= Records from a data source =
# # # #

lemma components_disjoint:
  assumes "K \<in> components V F ends" "K' \<in> components V F ends" "K \<noteq> K'"
  shows "K \<inter> K' = {}"
proof (rule ccontr)
  let ?R = "(adj_rel V F ends)\<^sup>*"
  assume "K \<inter> K' \<noteq> {}"
  then obtain w where "w \<in> K" "w \<in> K'" by blast
  obtain x x' where K: "K = {w. (x, w) \<in> ?R}" and K': "K' = {w. (x', w) \<in> ?R}"
    using assms(1,2) unfolding components_def by blast
  have "sym ?R"
    using sym_adj_rel by (rule sym_rtrancl)
  with \<open>w \<in> K\<close> \<open>w \<in> K'\<close> have "(x, x') \<in> ?R" "(x', x) \<in> ?R"
    unfolding K K' sym_def by (blast intro: rtrancl_trans)+
  then have "K = K'"
    unfolding K K' by (blast intro: rtrancl_trans)
  with assms(3) show False ..
qed

lemma components_edge_closed:
  assumes edges: "\<forall>e\<in>F. ends e \<subseteq> V \<and> card (ends e) = 2" and K: "K \<in> components V F ends"
  shows "edge_closed F ends K"
  unfolding edge_closed_def
proof (intro ballI impI subsetI)
  fix e q assume e: "e \<in> F" "ends e \<inter> K \<noteq> {}" and q: "q \<in> ends e"
  then obtain p where p: "p \<in> ends e" "p \<in> K" by blast
  obtain x where K_def: "K = {w. (x, w) \<in> (adj_rel V F ends)\<^sup>*}"
    using K unfolding components_def by blast
  show "q \<in> K"
  proof (cases "p = q")
    case False
    have "card (ends e) = 2" using edges e(1) by blast
    then have "ends e = {p, q}" using p(1) q False by (rule card_2_eq_doubleton)
    moreover have "p \<in> V" "q \<in> V" using edges e(1) p(1) q by blast+
    ultimately have "(p, q) \<in> adj_rel V F ends"
      using e(1) unfolding adj_rel_def by blast
    with p(2) show ?thesis
      unfolding K_def by (blast intro: rtrancl_into_rtrancl)
  qed (use p in blast)
qed

lemma two_components_split:
  assumes edges: "\<forall>e\<in>F. ends e \<subseteq> V \<and> card (ends e) = 2"
    and comps: "components V F ends = {X, X'}" and "X \<noteq> X'"
  shows "X \<union> X' = V" "X \<inter> X' = {}" "edge_closed F ends X" "edge_closed F ends X'"
  using Union_components[of V F ends] components_disjoint[of X V F ends X']
    components_edge_closed[OF edges] assms(3) comps by auto

subsection \<open>W-state graphs\<close>

locale W_state =
  fixes V :: "'v set" and E :: "'e set" and ends :: "'e \<Rightarrow> 'v set" and c :: "'e \<Rightarrow> 'v \<Rightarrow> nat"
  assumes W_state_graph: "W_state_graph V E ends c"
    and mono_edges_blue: "\<forall>e\<in>mono_edges E ends c. \<forall>w\<in>ends e. c e w = 0"
begin

abbreviation Em :: "'e set" where
  "Em \<equiv> mono_edges E ends c"

lemma finite_V: "finite V"
  using W_state_graph unfolding W_state_graph_def multigraph_def by blast

lemma ends_subset: "e \<in> E \<Longrightarrow> ends e \<subseteq> V"
  using W_state_graph unfolding W_state_graph_def multigraph_def by blast

lemma card_ends: "e \<in> E \<Longrightarrow> card (ends e) = 2"
  using W_state_graph unfolding W_state_graph_def multigraph_def by blast

lemma Em_subset: "Em \<subseteq> E"
  unfolding mono_edges_def by blast

lemma card_ends_Em: "\<forall>g\<in>Em. card (ends g) = 2"
  using Em_subset card_ends by blast

lemma not_bichromatic_Em: "e \<in> Em \<Longrightarrow> \<not> bichromatic ends c e"
  unfolding mono_edges_def by blast

lemma perfect_matching_bichromatic_edges:
  "perfect_matching V E ends M \<Longrightarrow> card {e \<in> M. bichromatic ends c e} = 1"
  using W_state_graph unfolding W_state_graph_def by blast

lemma perfect_matching_not_subset_Em:
  assumes "perfect_matching V E ends M"
  shows "\<not> M \<subseteq> Em"
  using perfect_matching_bichromatic_edges[OF assms] not_bichromatic_Em
  by (metis (no_types, lifting) card_1_singletonE mem_Collect_eq singletonI subsetD)

lemma perfect_matching_other_edges_mono:
  assumes M: "perfect_matching V E ends M" and "b \<in> M" "bichromatic ends c b"
  shows "M - {b} \<subseteq> Em"
proof -
  have "{e \<in> M. bichromatic ends c e} = {b}"
    using perfect_matching_bichromatic_edges[OF M] assms(2,3)
    by (metis (no_types, lifting) card_1_singletonE mem_Collect_eq singletonD)
  moreover have "M \<subseteq> E"
    using M unfolding perfect_matching_def by blast
  ultimately show ?thesis
    unfolding mono_edges_def by blast
qed

text \<open>A red half-edge cannot lie on a monochromatic edge, as those are blue at both ends.\<close>

lemma bichromatic_edge_at:
  assumes "v \<in> V"
  obtains f where "f \<in> E" "v \<in> ends f" "bichromatic ends c f"
proof -
  obtain f where f: "f \<in> E" "v \<in> ends f" "c f v = 1"
    using W_state_graph assms unfolding W_state_graph_def by blast
  then have "f \<notin> Em" using mono_edges_blue by fastforce
  with f that show thesis unfolding mono_edges_def by blast
qed

lemma induced_perfect_matching_Diff_ends_bichromatic:
  assumes "f \<in> E" "bichromatic ends c f" "edge_closed Em ends A" "A \<subseteq> V"
  obtains N where "induced_perfect_matching (A - ends f) Em ends N"
proof -
  obtain M where M: "perfect_matching V E ends M" "f \<in> M"
    using W_state_graph \<open>f \<in> E\<close> unfolding W_state_graph_def matching_covered_def by blast
  then have "M - {f} \<subseteq> Em"
    using perfect_matching_other_edges_mono assms(2) by blast
  with M assms(3,4) show thesis
    using that[OF perfect_matching_restrict_edge_closed] by blast
qed

end

locale W_state_split = W_state V E ends c
    for V :: "'v set" and E :: "'e set" and ends :: "'e \<Rightarrow> 'v set" and c :: "'e \<Rightarrow> 'v \<Rightarrow> nat" +
  fixes A B :: "'v set"
  assumes split_Un: "A \<union> B = V" and split_disjoint: "A \<inter> B = {}"
    and edge_closed_A: "edge_closed Em ends A" and edge_closed_B: "edge_closed Em ends B"
    and A_nonempty: "A \<noteq> {}" and B_nonempty: "B \<noteq> {}"
begin

lemma W_state_split_swap: "W_state_split V E ends c B A"
  using W_state_axioms split_Un split_disjoint edge_closed_A edge_closed_B A_nonempty B_nonempty
  by (simp add: W_state_split_def W_state_split_axioms_def Un_commute Int_commute)

lemma split_subset: "A \<subseteq> V" "B \<subseteq> V"
  using split_Un by blast+

lemma finite_B: "finite B"
  using split_subset(2) finite_V by (rule finite_subset)

lemma induced_perfect_matching_other_side:
  assumes "f \<in> E" "bichromatic ends c f" "ends f \<subseteq> A"
  obtains N where "induced_perfect_matching B Em ends N"
proof -
  obtain N where "induced_perfect_matching (B - ends f) Em ends N"
    using induced_perfect_matching_Diff_ends_bichromatic[OF assms(1,2) edge_closed_B split_subset(2)] .
  moreover have "B - ends f = B"
    using assms(3) split_disjoint by blast
  ultimately show thesis
    using that by simp
qed

lemma no_induced_perfect_matchings_both_sides:
  assumes NA: "induced_perfect_matching A Em ends NA" and NB: "induced_perfect_matching B Em ends NB"
  shows False
proof -
  have NANB: "induced_perfect_matching V Em ends (NA \<union> NB)"
    using induced_perfect_matching_Un[OF NA NB split_disjoint] split_Un by simp
  have "induced_perfect_matching V E ends (NA \<union> NB)"
    using NANB Em_subset by (rule induced_perfect_matching_mono)
  then have "perfect_matching V {e \<in> E. ends e \<inter> {} = {}} ends (NA \<union> NB)"
    by (rule induced_perfect_matching_imp_perfect_matching) simp
  then have "\<not> NA \<union> NB \<subseteq> Em"
    by (intro perfect_matching_not_subset_Em) simp
  with induced_perfect_matchingD(1)[OF NANB] show False by blast
qed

# # # #

= Aim of the task =
Search the data for the string "with". List each line that has it.

= Answer to this task =
  with \<open>w \<in> K\<close> \<open>w \<in> K'\<close> have "(x, x') \<in> ?R" "(x', x) \<in> ?R"
  with assms(3) show False ..
    with p(2) show ?thesis
  with f that show thesis unfolding mono_edges_def by blast
  with M assms(3,4) show thesis
  with induced_perfect_matchingD(1)[OF NANB] show False by blast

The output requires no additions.